При дележе земли ему достался хороший участок и недалеко от дома. Нашлись завистники и пошли разговоры да пересуды.

Когда эти пересуды достигли ушей Бай Юй-шаня, он взял и обменялся своим участком с одним холостяком, земля которого находилась далеко от деревни. Довольный собой, Бай Юй-шань рассказал обо всем жене.

Дасаоцза в этот момент шила ему туфли. Она подняла черные брови и обрушилась на незадачливого супруга:

— Ты бестолковый дурак! Сменял кусок жирного мяса на кость. Я с тобой полжизни горе мыкала. Неужели еще придется…

— Активисты должны подавать пример, — возразил муж.

— Пример примером, а есть тебе надо или нет?

— Не беспокойся, голодными не останемся…

— С тобой не только голодной будешь, а и помрешь! Вот пойду сейчас в крестьянский союз и верну землю…

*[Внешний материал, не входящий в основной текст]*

(* Let $\rho$ be a probability distribution on $\mathcal S$ with $\min_i\rho_i>0$. Suppose $Y=(S,B,S')$ is random with $S\sim\rho$, $\mathbb P(S'=j\mid S=i)=P_{ij}$ and $B\mid(S=i,S'=j)\sim\nu_{ij}$ for all $i,j\in\mathcal S$. Then $\mathbb E[H(p,Y)]=h_\rho(p)$ for all $p\in\Delta_d^{\mathcal S}$ (expectation taken coordinatewise), $h_\rho$ is non-expansive in $\ell^\Theta_{\mathrm C,\infty}$, and $\mathrm{fix}(h_\rho)=\mathrm{fix}(\mathcal G)$. In particular, these conclusions hold with $\rho=\mu$.
   Context: Finite MDP with state set $\mathcal{S}=\{1,\dots,m\}$, finite action set, deterministic rewards in $[0,1]$, fixed policy inducing a transition matrix $P=(P_{ij})$ on $\mathcal S$ that is irreducible and aperiodic with stationary distribution $\mu$. $R_{ij}$ is the finite-valued random one-step reward conditioned on transition $i\to j$; gain $\bar r^\pi=\sum_i\mu_i\sum_jP_{ij}\mathbb E[R_{ij}]$; $\nu_{ij}:=\mathrm{Law}(R_{ij}-\bar r^\pi)$. $\Theta=\{\theta_1<\dots<\theta_d\}$ with constant stride $\Delta>0$; $\Delta_d$ the probability simplex of $\mathbb R^d$; $\Delta_d^{\mathcal S}$ families $(p_i)_{i\in\mathcal S}$ with $p_i\in\Delta_d$. For $u\in\Delta_d$, $\eta^{u,0}:=\sum_ku_k\delta_{\theta_k}$. Categorical projection $\Pi^\Theta_{\mathrm C}$: $\delta_x\mapsto\delta_{\theta_1}$ if $x\le\theta_1$, $\delta_{\theta_d}$ if $x\ge\theta_d$, $\frac{\theta_{k+1}-x}{\Delta}\delta_{\theta_k}+\frac{x-\theta_k}{\Delta}\delta_{\theta_{k+1}}$ if $\theta_k\le x\le\theta_{k+1}$, extended linearly to probability laws. For $b\in\mathbb R$, $L_bu\in\Delta_d$ is defined by $\Pi^\Theta_{\mathrm C}(\text{law of }X+b,\ X\sim\eta^{u,0})=\eta^{L_bu,0}$. $\mathcal G(p)$ is the unique $q\in\Delta_d^{\mathcal S}$ with $\eta^{q_i,0}=\Pi^\Theta_{\mathrm C}\bigl(\sum_jP_{ij}(\nu_{ij}\ast\eta^{p_j,0})\bigr)$ for all $i$. One-sample backup: for $y=(s,b,s')\in\mathcal S\times[-1,1]\times\mathcal S$, $H(p,y)=q$ with $q_u=p_u$ ($u\ne s$), $q_s=L_bp_{s'}$. Mean-field map $h_\rho(p)_i:=(1-\rho_i)p_i+\rho_i\mathcal G(p)_i$, i.e. $h_\rho(p)=p+D_\rho(\mathcal G(p)-p)$ with $D_\rho=\mathrm{diag}(\rho)$. $\mathrm{fix}(F)$ is the fixed-point set of $F$. Coordinate Cramér metric: $F_u(\theta_k):=\sum_{j\le k}u_j$, $\ell^\Theta_{\mathrm C}(u,v)^2:=\Delta\sum_{k=1}^{d-1}(F_u(\theta_k)-F_v(\theta_k))^2$, $\ell^\Theta_{\mathrm C,\infty}(p,q):=\max_i\ell^\Theta_{\mathrm C}(p_i,q_i)$. *)

theory Defs
  imports "HOL-Probability.Probability"
begin

(* Transition matrix P_{ij} = pmf (P i) j, i.e. P :: 's => 's pmf.
   Vectors u in Delta_d: functions nat => real, supported in {1..d}. *)

definition theta :: "real \<Rightarrow> real \<Rightarrow> nat \<Rightarrow> real" where
  "theta th1 Dl k = th1 + (real k - 1) * Dl"

definition cat_simplex :: "nat \<Rightarrow> (nat \<Rightarrow> real) set" where
  "cat_simplex d = {u. (\<forall>k\<in>{1..d}. 0 \<le> u k) \<and> (\<forall>k. k \<notin> {1..d} \<longrightarrow> u k = 0)
                   \<and> (\<Sum>k=1..d. u k) = 1}"

definition cat_simplex_fam :: "nat \<Rightarrow> ('s \<Rightarrow> nat \<Rightarrow> real) set" where
  "cat_simplex_fam d = {p. \<forall>i. p i \<in> cat_simplex d}"

definition eta :: "real \<Rightarrow> real \<Rightarrow> nat \<Rightarrow> (nat \<Rightarrow> real) \<Rightarrow> real pmf" where
  "eta th1 Dl d u = embed_pmf (\<lambda>x. \<Sum>k\<in>{1..d}. if theta th1 Dl k = x then u k else 0)"

definition projpt :: "real \<Rightarrow> real \<Rightarrow> nat \<Rightarrow> real \<Rightarrow> nat \<Rightarrow> real" where
  "projpt th1 Dl d x k =
     (if k \<notin> {1..d} then 0
      else if x \<le> theta th1 Dl 1 then (if k = 1 then 1 else 0)
      else if x \<ge> theta th1 Dl d then (if k = d then 1 else 0)
      else if theta th1 Dl k \<le> x \<and> x \<le> theta th1 Dl (k+1) then (theta th1 Dl (k+1) - x) / Dl
      else if k \<ge> 2 \<and> theta th1 Dl (k-1) \<le> x \<and> x \<le> theta th1 Dl k then (x - theta th1 Dl (k-1)) / Dl
      else 0)"

(* Categorical projection extended linearly to (finitely supported) laws;
   the result eta^{q,0} is represented by its weight vector q *)
definition projC :: "real \<Rightarrow> real \<Rightarrow> nat \<Rightarrow> real pmf \<Rightarrow> nat \<Rightarrow> real" where
  "projC th1 Dl d nu k = measure_pmf.expectation nu (\<lambda>x. projpt th1 Dl d x k)"

definition Lshift :: "real \<Rightarrow> real \<Rightarrow> nat \<Rightarrow> real \<Rightarrow> (nat \<Rightarrow> real) \<Rightarrow> nat \<Rightarrow> real" where
  "Lshift th1 Dl d b u = projC th1 Dl d (map_pmf (\<lambda>x. x + b) (eta th1 Dl d u))"

definition conv_pmf :: "real pmf \<Rightarrow> real pmf \<Rightarrow> real pmf" where
  "conv_pmf nu eta' = map_pmf (\<lambda>(a, x). a + x) (pair_pmf nu eta')"

definition gain :: "('s::finite) pmf \<Rightarrow> ('s \<Rightarrow> 's pmf) \<Rightarrow> ('s \<Rightarrow> 's \<Rightarrow> real pmf) \<Rightarrow> real" where
  "gain mu P R = (\<Sum>i\<in>UNIV. pmf mu i * (\<Sum>j\<in>UNIV. pmf (P i) j * measure_pmf.expectation (R i j) (\<lambda>r. r)))"

definition nuR :: "('s::finite) pmf \<Rightarrow> ('s \<Rightarrow> 's pmf) \<Rightarrow> ('s \<Rightarrow> 's \<Rightarrow> real pmf) \<Rightarrow> 's \<Rightarrow> 's \<Rightarrow> real pmf" where
  "nuR mu P R i j = map_pmf (\<lambda>r. r - gain mu P R) (R i j)"

definition Gop :: "real \<Rightarrow> real \<Rightarrow> nat \<Rightarrow> ('s::finite) pmf \<Rightarrow> ('s \<Rightarrow> 's pmf) \<Rightarrow> ('s \<Rightarrow> 's \<Rightarrow> real pmf)
                   \<Rightarrow> ('s \<Rightarrow> nat \<Rightarrow> real) \<Rightarrow> 's \<Rightarrow> nat \<Rightarrow> real" where
  "Gop th1 Dl d mu P R p i = projC th1 Dl d
      (bind_pmf (P i) (\<lambda>j. conv_pmf (nuR mu P R i j) (eta th1 Dl d (p j))))"

definition Hbk :: "real \<Rightarrow> real \<Rightarrow> nat \<Rightarrow> ('s \<Rightarrow> nat \<Rightarrow> real) \<Rightarrow> 's \<times> real \<times> 's \<Rightarrow> 's \<Rightarrow> nat \<Rightarrow> real" where
  "Hbk th1 Dl d p y = (case y of (s, b, s') \<Rightarrow> p(s := Lshift th1 Dl d b (p s')))"

definition hrho :: "real \<Rightarrow> real \<Rightarrow> nat \<Rightarrow> ('s::finite) pmf \<Rightarrow> ('s \<Rightarrow> 's pmf) \<Rightarrow> ('s \<Rightarrow> 's \<Rightarrow> real pmf)
                   \<Rightarrow> 's pmf \<Rightarrow> ('s \<Rightarrow> nat \<Rightarrow> real) \<Rightarrow> 's \<Rightarrow> nat \<Rightarrow> real" where
  "hrho th1 Dl d mu P R rho p i =
     (\<lambda>k. (1 - pmf rho i) * p i k + pmf rho i * Gop th1 Dl d mu P R p i k)"

definition fixset :: "nat \<Rightarrow> (('s \<Rightarrow> nat \<Rightarrow> real) \<Rightarrow> ('s \<Rightarrow> nat \<Rightarrow> real)) \<Rightarrow> ('s \<Rightarrow> nat \<Rightarrow> real) set" where
  "fixset d F = {p \<in> cat_simplex_fam d. F p = p}"

definition cdf :: "(nat \<Rightarrow> real) \<Rightarrow> nat \<Rightarrow> real" where
  "cdf u k = (\<Sum>j=1..k. u j)"

definition cramer :: "real \<Rightarrow> nat \<Rightarrow> (nat \<Rightarrow> real) \<Rightarrow> (nat \<Rightarrow> real) \<Rightarrow> real" where
  "cramer Dl d u v = sqrt (Dl * (\<Sum>k=1..d-1. (cdf u k - cdf v k)^2))"

definition cramer_inf :: "real \<Rightarrow> nat \<Rightarrow> (('s::finite) \<Rightarrow> nat \<Rightarrow> real) \<Rightarrow> ('s \<Rightarrow> nat \<Rightarrow> real) \<Rightarrow> real" where
  "cramer_inf Dl d p q = Max (range (\<lambda>i. cramer Dl d (p i) (q i)))"

primrec Pn :: "('s \<Rightarrow> 's pmf) \<Rightarrow> nat \<Rightarrow> 's \<Rightarrow> 's pmf" where
  "Pn P 0 i = return_pmf i"
| "Pn P (Suc n) i = bind_pmf (Pn P n i) P"

definition irreducible_chain :: "('s \<Rightarrow> 's pmf) \<Rightarrow> bool" where
  "irreducible_chain P \<longleftrightarrow> (\<forall>i j. \<exists>n>0. pmf (Pn P n i) j > 0)"

definition aperiodic_chain :: "('s \<Rightarrow> 's pmf) \<Rightarrow> bool" where
  "aperiodic_chain P \<longleftrightarrow> (\<forall>i. Gcd {n. n > 0 \<and> pmf (Pn P n i) i > 0} = 1)"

Она спрыгнула с кана, но Бай Юй-шань схватил ее за руку. Жена оттолкнула его. Произошла схватка, и новая туфля угодила твердым носком прямо в глаз Бай Юй-шаня. Увидав кровь, Дасаоцза пожалела, что погорячилась, но выказать слабость сочла унизительным и, сев на кан, отвернулась.

Бай Юй-шань очень обиделся, не стал обедать и, уходя, с досадой бросил:

— Несознательный элемент!..

Возчик Сунь, заучивший последнее время еще несколько мудреных слов и щеголявший ими при всяком удобном случае, с философским спокойствием заметил:

— Женская голова сразу всего уразуметь не может. Женщин надо прежде поднять до идеологического уровня. Дискутировать с ними прямо-таки ни к чему.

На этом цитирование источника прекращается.